Fudgy Nut Butter Brownies
Adapted from this recipe.
- 1 Flax Egg (1 TB ground flax seeds mixed with 3 TB warm water)
- 3 Tablespoons Coconut Flour
- 1/4 Cup Raw Cacao Powder
- 1/2 Teaspoon Baking Powder
- 1/2 Teaspoon Baking Soda
- Pinch of Salt
- 1/2 Cup Brown Sugar
- 1 Cup Nut Butter (I used peanut butter)
- 1/2 Cup Unsweetened Almond Milk (or other nondairy milk)

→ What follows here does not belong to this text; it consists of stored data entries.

lemma convA_eq_convex_hull: "convA A = convex hull (range (\<lambda>i. column i A))"
proof (rule hull_unique[symmetric])
  show "range (\<lambda>i. column i A) \<subseteq> convA A"
    using column_in_convA by blast
  show "convex (convA A)"
    unfolding convA_def
    using convex_linear_image[OF matrix_vector_mul_linear convex_std_simplex, of A]
    by (simp add: image_def Setcompr_eq_image Bex_def conj_commute eq_commute)
  show "convA A \<subseteq> T" if "range (\<lambda>i. column i A) \<subseteq> T" "convex T" for T
  proof
    fix y
    assume "y \<in> convA A"
    then obtain x where x: "x \<in> std_simplex" "y = A *v x"
      by (auto simp: convA_def)
    have "A *v x \<in> convex hull T"
      by (rule matrix_vector_mult_in_convex_hull[OF x(1)]) (use that in auto)
    then show "y \<in> T"
      using x(2) hull_same[of convex T] that(2) by simp
  qed
qed

lemma convex_convA: "convex (convA A)"
  by (simp add: convA_eq_convex_hull)

lemma polytope_convA: "polytope (convA A)"
  unfolding polytope_def convA_eq_convex_hull by (intro exI[of _ "range (\<lambda>i. column i A)"]) simp

lemma column_diff_le_diamA: "N (column i A - column j A) \<le> diamA N A"
proof -
  have "{N (column i A - column j A) | i j. True}
      = (\<lambda>(i, j). N (column i A - column j A)) ` UNIV"
    by auto
  then show ?thesis
    unfolding diamA_def by (intro cSup_upper bdd_above_finite) auto
qed

lemma is_norm_diff_le_diamA:
  assumes N: "is_norm N" and P: "P \<in> convA A" and Q: "Q \<in> convA A"
  shows "N (Q - P) \<le> diamA N A"
proof -
  let ?C = "range (\<lambda>i. column i A)"
  have bound: "N (y - c) \<le> diamA N A"
    if "y \<in> convA A" and "\<And>i. N (column i A - c) \<le> diamA N A" for y c
    using convex_on_convex_hull_bound[OF convex_on_is_norm_diff[OF N convex_convex_hull], of ?C c]
      that by (simp add: convA_eq_convex_hull)
  have "N (P - column i A) \<le> diamA N A" for i
    using bound[OF P] column_diff_le_diamA[of N _ A i] by blast
  then show ?thesis
    using bound[OF Q, of P] is_norm_minus_commute[OF N] by metis
qed

lemma std_simplex_diff_split:
  fixes x z :: "real^'n"
  assumes x: "x \<in> std_simplex" and z: "z \<in> std_simplex" and "x \<noteq> z"
  obtains t p q where "0 < t" "p \<in> std_simplex" "q \<in> std_simplex" "x - z = t *\<^sub>R (p - q)"
    "l1norm (x - z) = 2 * t" "\<And>k. t * q $ k \<le> z $ k"
proof -
  define p' where "p' = (\<chi> k. max (x $ k - z $ k) 0)"
  define q' where "q' = (\<chi> k. max (z $ k - x $ k) 0)"
  define t where "t = (\<Sum>k\<in>UNIV. p' $ k)"
  have diff: "x - z = p' - q'"
    by (simp add: p'_def q'_def vec_eq_iff max_def)
  have "(\<Sum>k\<in>UNIV. (x - z) $ k) = 0"
    using x z by (simp add: std_simplex_def sum_subtractf)
  then have t_q': "t = (\<Sum>k\<in>UNIV. q' $ k)"
    by (simp add: diff t_def sum_subtractf)
  have "l1norm (x - z) = (\<Sum>k\<in>UNIV. p' $ k) + (\<Sum>k\<in>UNIV. q' $ k)"
    unfolding l1norm_def p'_def q'_def sum.distrib[symmetric] by (intro sum.cong) auto
  then have l1: "l1norm (x - z) = 2 * t"
    using t_q' t_def by simp
  have "0 < l1norm (x - z)"
  proof -
    obtain k where "(x - z) $ k \<noteq> 0"
      using \<open>x \<noteq> z\<close> by (auto simp: vec_eq_iff)
    then show ?thesis
      unfolding l1norm_def by (intro sum_pos2[of _ k]) auto
  qed
  then have "0 < t" using l1 by simp
  show ?thesis
  proof
    show "(1 / t) *\<^sub>R p' \<in> std_simplex" "(1 / t) *\<^sub>R q' \<in> std_simplex"
      using \<open>0 < t\<close> t_q' unfolding std_simplex_def t_def p'_def q'_def
      by (auto simp: sum_divide_distrib[symmetric])
    show "x - z = t *\<^sub>R ((1 / t) *\<^sub>R p' - (1 / t) *\<^sub>R q')"
      using \<open>0 < t\<close> diff by (simp add: scaleR_diff_right)
    show "t * ((1 / t) *\<^sub>R q') $ k \<le> z $ k" for k
      using \<open>0 < t\<close> x z by (simp add: q'_def std_simplex_def)
  qed fact+
qed

lemma is_norm_matrix_diff_le:
  assumes N: "is_norm N" and x: "x \<in> std_simplex" and z: "z \<in> std_simplex"
  shows "N (A *v x - A *v z) \<le> l1norm (x - z) / 2 * diamA N A"
proof (cases "x = z")
  case True
  then show ?thesis by (simp add: is_norm_zero[OF N] l1norm_def)
next
  case False
  obtain t p q where t: "0 < t" and p: "p \<in> std_simplex" and q: "q \<in> std_simplex"
    and xz: "x - z = t *\<^sub>R (p - q)" and l1: "l1norm (x - z) = 2 * t"
    using std_simplex_diff_split[OF x z False] .
  have "N (A *v x - A *v z) = t * N (A *v p - A *v q)"
    using t is_norm_scaleR[OF N]
    by (simp add: matrix_vector_mult_diff_distrib[symmetric] xz matrix_vector_mult_scaleR)
  also have "\<dots> \<le> t * diamA N A"
    using t is_norm_diff_le_diamA[OF N matrix_vector_mult_in_convA[OF q] matrix_vector_mult_in_convA[OF p]]
    by simp
  finally show ?thesis using l1 by simp
qed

- 1 Tablespoon Pure Vanilla Extract
Makes one 6 inch pan.
Preheat oven to 350 degrees. In a small bowl, make the flax egg and set aside. In a medium bowl, combine coconut flour, cacao, baking powder, baking soda and salt. Mix in the brown sugar and nut butter. Using a whisk or fork, whisk the flax eggs until they are an even consistency, add the vanilla extract and whisk again until combined. Add the vanilla flax mixture to the rest of the ingredients. Lastly, add the almond milk and stir until everything is combined without over mixing. Pour batter in a greased 6 inch pan (I used coconut oil as grease) and place in the oven for 35-40 minutes or until a toothpick can be inserted and cleanly removed. Allow to cool approximately 10 minutes before serving. Dress it up how you like or eat it plain. Either way, enjoy!
Options & Sidenotes:
-Mix in or sprinkle on top before baking, 1/4 Cup Vegan Chocolate Chips and/ or Chopped Nuts
-Next time, I will definitely try this with Almond Butter for a richer chocolate flavor
-I used a no-stir peanut butter, sometimes the nut butters that need to be stirred are too oily for baking
-I baked my brownies in a 6x8 inch glass Pyrex dish, I recommend using a 6 inch pan so they come out thicker, however an 8 inch pan might be okay
-The original recipe calls for Pure Maple Syrup, which I did not have on hand, but feel free to try using it if you were looking for a less processed sugar
-To make the brownies more decadent sprinkle with Cacao Powder before serving
How was your holiday weekend?
What tasty food did you eat?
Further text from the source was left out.